ACTION ITEM:
Below are some records; output exactly the lines from the line with "Yhi = (\<lambda>\<omega>." to the line with "define G where", both ends kept, and nothing more.
--- --- ---
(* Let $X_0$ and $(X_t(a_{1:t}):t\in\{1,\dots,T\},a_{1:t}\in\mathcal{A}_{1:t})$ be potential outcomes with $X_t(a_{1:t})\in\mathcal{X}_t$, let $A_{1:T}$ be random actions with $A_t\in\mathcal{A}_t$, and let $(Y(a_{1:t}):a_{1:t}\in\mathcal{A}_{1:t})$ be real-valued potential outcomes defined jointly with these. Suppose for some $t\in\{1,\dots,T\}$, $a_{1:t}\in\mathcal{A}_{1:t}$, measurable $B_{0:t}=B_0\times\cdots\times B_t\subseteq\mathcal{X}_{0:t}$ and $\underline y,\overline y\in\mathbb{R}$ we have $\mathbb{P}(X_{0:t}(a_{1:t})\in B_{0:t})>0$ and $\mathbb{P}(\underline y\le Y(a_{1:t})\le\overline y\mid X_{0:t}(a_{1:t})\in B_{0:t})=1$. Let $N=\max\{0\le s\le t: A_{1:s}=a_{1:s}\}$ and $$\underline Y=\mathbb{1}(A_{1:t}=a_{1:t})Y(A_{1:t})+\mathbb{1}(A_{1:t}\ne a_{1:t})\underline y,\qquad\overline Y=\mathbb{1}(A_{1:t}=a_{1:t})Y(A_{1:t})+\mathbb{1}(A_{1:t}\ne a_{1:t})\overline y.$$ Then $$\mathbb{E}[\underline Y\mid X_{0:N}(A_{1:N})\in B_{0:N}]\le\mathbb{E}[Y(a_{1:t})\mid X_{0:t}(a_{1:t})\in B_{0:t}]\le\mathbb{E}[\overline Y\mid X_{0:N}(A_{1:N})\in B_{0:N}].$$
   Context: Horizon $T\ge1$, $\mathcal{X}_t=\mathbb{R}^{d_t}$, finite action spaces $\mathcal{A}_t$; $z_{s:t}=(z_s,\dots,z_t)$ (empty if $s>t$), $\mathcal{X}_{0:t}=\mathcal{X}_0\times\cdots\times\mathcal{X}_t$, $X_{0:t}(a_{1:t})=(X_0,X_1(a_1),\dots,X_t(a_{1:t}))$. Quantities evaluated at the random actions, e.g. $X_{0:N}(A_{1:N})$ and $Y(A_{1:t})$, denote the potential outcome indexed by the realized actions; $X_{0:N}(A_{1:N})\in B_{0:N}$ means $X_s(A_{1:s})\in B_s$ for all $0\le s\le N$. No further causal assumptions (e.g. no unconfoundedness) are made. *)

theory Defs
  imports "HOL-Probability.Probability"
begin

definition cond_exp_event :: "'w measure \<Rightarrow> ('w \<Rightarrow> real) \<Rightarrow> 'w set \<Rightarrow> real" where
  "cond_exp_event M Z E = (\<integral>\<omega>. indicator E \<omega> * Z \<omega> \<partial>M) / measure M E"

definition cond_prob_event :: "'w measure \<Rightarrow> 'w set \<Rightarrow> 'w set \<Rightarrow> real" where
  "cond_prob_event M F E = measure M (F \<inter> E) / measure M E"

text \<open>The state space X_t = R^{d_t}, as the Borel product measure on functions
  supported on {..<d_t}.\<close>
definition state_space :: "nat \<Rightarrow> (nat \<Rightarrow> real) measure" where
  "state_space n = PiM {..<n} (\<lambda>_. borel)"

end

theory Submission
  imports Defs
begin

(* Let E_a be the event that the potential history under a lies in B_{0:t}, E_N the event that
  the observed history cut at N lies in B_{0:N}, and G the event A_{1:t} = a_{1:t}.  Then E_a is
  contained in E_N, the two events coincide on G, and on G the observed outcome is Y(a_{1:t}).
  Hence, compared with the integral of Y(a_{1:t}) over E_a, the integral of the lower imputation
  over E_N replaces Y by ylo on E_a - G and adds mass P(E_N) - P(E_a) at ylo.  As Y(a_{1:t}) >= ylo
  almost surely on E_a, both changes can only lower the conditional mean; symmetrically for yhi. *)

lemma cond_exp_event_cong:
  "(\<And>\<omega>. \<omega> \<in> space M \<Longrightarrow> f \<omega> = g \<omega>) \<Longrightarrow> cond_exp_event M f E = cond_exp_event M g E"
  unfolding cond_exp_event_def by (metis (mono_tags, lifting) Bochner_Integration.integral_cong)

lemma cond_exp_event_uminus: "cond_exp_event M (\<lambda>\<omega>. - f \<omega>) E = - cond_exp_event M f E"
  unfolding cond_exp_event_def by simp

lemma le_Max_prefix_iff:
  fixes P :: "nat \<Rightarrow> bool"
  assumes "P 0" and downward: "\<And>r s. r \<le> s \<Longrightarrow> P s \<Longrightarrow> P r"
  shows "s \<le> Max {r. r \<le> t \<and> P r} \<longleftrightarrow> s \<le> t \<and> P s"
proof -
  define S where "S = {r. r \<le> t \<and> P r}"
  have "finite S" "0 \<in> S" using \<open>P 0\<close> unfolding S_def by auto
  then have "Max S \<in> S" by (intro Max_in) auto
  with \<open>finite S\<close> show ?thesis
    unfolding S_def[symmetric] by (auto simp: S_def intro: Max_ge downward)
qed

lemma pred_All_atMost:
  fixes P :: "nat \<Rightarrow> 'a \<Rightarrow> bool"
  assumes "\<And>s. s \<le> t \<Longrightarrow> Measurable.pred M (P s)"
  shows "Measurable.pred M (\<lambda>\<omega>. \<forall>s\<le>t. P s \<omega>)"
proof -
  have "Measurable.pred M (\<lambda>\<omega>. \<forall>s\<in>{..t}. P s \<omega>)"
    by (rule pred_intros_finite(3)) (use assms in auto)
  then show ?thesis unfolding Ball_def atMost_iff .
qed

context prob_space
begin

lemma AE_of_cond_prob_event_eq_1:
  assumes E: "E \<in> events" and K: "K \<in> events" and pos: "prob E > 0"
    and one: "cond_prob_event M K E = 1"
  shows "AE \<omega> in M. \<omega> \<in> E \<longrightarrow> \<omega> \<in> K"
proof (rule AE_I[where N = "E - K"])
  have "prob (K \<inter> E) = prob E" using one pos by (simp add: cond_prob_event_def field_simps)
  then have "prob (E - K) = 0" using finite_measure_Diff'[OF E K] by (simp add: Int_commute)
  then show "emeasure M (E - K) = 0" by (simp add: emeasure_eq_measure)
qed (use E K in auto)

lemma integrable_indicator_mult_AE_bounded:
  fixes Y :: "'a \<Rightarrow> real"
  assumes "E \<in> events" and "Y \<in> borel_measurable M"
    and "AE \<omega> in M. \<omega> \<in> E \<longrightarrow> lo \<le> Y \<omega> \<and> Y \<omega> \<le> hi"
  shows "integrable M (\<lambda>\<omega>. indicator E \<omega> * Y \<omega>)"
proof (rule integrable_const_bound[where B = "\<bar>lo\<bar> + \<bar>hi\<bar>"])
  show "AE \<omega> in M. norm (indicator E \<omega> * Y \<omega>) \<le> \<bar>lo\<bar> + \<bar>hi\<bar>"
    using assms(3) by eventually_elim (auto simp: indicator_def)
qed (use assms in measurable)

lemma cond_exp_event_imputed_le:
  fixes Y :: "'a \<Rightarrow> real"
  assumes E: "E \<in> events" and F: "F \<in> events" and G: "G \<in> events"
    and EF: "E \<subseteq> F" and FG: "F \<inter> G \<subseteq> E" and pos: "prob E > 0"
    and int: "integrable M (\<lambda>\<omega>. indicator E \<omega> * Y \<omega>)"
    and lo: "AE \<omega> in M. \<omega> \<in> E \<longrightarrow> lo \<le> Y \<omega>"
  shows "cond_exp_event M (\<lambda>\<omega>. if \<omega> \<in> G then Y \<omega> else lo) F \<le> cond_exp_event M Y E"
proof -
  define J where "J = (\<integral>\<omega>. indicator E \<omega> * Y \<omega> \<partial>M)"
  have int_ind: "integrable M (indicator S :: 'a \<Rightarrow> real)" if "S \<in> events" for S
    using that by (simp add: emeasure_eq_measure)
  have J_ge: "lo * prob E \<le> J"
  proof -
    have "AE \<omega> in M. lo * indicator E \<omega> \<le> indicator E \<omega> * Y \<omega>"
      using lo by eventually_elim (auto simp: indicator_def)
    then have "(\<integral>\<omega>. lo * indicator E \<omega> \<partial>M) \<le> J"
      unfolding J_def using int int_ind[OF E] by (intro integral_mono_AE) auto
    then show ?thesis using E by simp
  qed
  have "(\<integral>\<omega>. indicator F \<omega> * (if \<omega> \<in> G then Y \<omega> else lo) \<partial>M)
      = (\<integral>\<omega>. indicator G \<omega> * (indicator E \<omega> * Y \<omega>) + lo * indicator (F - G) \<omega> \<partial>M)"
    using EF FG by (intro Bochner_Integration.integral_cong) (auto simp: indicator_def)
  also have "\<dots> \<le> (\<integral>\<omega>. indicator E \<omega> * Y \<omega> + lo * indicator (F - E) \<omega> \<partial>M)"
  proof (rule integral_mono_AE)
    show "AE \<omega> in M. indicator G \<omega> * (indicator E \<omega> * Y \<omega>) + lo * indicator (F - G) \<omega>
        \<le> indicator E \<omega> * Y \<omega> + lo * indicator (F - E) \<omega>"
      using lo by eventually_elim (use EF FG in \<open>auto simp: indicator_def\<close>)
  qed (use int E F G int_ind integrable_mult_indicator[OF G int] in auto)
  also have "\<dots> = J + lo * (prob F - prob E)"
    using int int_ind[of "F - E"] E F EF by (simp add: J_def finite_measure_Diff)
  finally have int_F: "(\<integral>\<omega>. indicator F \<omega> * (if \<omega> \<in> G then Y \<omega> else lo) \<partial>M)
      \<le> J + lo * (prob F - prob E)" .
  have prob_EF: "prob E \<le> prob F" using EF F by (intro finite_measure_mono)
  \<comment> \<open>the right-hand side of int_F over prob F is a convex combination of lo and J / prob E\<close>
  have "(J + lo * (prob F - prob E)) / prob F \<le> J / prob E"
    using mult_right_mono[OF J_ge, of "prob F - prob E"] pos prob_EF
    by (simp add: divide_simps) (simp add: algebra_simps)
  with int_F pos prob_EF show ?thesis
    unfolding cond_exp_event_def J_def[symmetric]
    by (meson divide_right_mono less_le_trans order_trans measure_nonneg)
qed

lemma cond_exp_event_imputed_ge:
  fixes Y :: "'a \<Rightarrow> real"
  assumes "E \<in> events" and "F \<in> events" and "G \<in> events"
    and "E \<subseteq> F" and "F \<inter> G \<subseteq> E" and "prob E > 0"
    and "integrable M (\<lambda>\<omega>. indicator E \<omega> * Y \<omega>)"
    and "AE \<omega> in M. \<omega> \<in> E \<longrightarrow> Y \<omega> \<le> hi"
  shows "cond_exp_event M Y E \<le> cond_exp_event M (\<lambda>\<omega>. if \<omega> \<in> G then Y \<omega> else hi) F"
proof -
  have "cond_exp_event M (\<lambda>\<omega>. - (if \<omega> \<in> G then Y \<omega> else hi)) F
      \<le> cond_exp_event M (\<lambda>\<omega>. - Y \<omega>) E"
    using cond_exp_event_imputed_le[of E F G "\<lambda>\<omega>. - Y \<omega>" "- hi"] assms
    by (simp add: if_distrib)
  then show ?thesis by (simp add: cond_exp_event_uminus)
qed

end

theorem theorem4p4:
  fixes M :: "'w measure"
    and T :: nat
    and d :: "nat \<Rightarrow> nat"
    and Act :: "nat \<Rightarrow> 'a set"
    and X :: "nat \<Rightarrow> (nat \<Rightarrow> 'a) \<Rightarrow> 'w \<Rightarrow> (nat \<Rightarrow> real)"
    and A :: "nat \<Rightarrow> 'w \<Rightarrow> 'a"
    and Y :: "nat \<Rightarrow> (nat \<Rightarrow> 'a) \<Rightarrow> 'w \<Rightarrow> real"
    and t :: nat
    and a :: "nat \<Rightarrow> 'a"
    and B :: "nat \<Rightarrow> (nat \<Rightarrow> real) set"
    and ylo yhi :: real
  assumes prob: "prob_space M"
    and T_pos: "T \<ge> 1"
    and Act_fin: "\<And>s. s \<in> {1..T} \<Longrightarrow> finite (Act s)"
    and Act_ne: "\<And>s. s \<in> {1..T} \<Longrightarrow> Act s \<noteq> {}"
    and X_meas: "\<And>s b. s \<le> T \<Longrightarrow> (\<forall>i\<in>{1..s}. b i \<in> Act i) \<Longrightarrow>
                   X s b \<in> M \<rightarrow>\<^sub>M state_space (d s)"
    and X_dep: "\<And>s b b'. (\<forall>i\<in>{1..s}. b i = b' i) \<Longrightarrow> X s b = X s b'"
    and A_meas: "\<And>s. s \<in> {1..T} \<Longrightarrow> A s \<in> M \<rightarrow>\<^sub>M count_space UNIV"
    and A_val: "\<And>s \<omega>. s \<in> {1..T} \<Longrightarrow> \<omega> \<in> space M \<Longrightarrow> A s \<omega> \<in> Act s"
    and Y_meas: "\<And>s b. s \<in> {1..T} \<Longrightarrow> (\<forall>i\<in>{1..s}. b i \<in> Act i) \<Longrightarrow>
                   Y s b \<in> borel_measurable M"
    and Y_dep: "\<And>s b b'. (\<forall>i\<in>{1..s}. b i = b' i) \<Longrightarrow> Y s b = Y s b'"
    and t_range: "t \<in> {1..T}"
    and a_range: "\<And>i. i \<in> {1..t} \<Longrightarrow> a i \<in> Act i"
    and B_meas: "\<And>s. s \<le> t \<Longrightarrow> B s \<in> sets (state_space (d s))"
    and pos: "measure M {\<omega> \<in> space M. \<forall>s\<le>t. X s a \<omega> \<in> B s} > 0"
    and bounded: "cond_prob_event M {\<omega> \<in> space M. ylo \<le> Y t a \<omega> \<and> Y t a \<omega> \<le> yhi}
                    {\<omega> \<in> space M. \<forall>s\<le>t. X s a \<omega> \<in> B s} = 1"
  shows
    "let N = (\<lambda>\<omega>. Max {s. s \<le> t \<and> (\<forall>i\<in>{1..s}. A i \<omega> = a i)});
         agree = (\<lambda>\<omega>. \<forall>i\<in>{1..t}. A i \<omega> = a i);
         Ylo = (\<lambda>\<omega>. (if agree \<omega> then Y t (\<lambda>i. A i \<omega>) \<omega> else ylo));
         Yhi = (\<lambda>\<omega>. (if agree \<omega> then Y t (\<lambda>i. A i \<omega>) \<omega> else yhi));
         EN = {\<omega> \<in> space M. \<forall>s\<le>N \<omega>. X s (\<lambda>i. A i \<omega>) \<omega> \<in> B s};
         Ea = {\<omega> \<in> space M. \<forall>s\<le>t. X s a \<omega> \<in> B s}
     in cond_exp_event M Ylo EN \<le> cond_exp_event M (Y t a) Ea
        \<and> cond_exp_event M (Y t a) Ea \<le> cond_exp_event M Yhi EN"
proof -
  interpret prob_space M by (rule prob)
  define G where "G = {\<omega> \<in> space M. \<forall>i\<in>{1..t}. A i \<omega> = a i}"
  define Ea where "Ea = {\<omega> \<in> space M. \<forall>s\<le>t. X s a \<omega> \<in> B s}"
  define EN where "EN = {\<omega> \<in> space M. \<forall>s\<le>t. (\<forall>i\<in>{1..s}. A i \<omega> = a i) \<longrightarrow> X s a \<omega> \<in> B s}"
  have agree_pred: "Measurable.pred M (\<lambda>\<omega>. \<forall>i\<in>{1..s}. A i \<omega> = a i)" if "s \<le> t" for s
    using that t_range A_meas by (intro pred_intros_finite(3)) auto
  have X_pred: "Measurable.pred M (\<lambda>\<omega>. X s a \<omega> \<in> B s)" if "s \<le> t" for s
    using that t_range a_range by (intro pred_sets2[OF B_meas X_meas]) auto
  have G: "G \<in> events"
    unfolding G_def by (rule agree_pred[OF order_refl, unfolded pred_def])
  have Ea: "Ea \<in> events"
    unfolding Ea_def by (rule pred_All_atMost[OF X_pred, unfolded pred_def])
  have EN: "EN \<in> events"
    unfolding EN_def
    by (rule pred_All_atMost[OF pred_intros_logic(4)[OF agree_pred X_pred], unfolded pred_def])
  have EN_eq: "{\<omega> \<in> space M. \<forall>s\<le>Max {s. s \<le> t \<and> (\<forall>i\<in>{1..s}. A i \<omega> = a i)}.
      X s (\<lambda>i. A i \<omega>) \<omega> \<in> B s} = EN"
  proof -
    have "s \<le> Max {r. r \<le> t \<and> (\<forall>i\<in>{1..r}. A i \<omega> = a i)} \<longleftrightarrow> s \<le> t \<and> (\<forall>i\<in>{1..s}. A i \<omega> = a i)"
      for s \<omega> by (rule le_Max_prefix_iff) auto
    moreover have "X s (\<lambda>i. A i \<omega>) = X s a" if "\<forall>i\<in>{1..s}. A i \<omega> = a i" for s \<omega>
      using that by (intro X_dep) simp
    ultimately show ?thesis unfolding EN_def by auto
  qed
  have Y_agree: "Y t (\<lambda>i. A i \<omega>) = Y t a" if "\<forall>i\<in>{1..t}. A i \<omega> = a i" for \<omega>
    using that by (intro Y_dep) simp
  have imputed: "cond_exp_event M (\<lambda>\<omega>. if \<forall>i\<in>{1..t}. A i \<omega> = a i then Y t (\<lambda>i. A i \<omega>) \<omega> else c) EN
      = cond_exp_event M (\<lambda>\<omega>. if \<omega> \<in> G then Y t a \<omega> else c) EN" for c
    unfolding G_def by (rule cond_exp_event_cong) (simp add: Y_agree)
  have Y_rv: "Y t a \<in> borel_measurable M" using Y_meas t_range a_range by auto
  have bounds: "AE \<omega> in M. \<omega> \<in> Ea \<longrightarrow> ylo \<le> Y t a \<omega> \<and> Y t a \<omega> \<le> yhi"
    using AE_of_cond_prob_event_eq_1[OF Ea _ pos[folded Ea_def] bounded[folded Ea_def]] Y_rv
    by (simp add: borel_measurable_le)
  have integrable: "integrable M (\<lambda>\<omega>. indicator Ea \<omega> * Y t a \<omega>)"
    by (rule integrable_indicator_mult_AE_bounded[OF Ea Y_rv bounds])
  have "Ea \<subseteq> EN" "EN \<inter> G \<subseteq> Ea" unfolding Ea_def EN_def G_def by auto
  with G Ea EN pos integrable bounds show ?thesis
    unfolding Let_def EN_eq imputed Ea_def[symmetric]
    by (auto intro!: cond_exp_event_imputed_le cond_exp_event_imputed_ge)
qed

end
--- --- ---
EXERCISE SOLUTION:
         Yhi = (\<lambda>\<omega>. (if agree \<omega> then Y t (\<lambda>i. A i \<omega>) \<omega> else yhi));
         EN = {\<omega> \<in> space M. \<forall>s\<le>N \<omega>. X s (\<lambda>i. A i \<omega>) \<omega> \<in> B s};
         Ea = {\<omega> \<in> space M. \<forall>s\<le>t. X s a \<omega> \<in> B s}
     in cond_exp_event M Ylo EN \<le> cond_exp_event M (Y t a) Ea
        \<and> cond_exp_event M (Y t a) Ea \<le> cond_exp_event M Yhi EN"
proof -
  interpret prob_space M by (rule prob)
  define G where "G = {\<omega> \<in> space M. \<forall>i\<in>{1..t}. A i \<omega> = a i}"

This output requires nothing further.